EXERCISE DETAILS: Return exactly the final stretch of the records below, opening with the line that contains "s, OF le_refl e_Gam_1] assms" and closing with the last line.

Data excerpts:
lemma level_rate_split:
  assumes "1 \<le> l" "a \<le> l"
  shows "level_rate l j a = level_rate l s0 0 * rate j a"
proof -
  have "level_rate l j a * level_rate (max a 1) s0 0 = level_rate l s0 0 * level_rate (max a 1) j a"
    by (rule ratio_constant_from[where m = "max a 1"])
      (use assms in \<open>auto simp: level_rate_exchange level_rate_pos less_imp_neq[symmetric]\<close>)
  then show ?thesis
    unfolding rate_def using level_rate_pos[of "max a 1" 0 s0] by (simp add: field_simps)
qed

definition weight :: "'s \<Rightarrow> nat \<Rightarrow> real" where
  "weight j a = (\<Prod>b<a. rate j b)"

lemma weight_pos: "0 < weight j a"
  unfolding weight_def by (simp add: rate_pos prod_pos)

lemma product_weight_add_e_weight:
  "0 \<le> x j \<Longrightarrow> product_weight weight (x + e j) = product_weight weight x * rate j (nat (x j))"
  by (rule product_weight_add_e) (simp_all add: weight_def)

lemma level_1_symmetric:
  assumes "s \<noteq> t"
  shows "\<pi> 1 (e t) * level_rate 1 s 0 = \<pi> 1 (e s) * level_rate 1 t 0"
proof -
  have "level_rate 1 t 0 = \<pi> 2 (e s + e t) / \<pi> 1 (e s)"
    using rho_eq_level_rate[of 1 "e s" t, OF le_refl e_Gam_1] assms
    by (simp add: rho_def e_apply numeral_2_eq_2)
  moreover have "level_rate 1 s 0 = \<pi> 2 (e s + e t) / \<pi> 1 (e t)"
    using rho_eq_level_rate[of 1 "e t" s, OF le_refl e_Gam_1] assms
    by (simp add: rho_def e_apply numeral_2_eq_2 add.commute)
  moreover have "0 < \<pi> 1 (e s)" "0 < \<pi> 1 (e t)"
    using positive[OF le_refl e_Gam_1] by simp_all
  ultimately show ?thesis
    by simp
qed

SOLUTION TO THE EXERCISE:
    using rho_eq_level_rate[of 1 "e t" s, OF le_refl e_Gam_1] assms
    by (simp add: rho_def e_apply numeral_2_eq_2 add.commute)
  moreover have "0 < \<pi> 1 (e s)" "0 < \<pi> 1 (e t)"
    using positive[OF le_refl e_Gam_1] by simp_all
  ultimately show ?thesis
    by simp
qed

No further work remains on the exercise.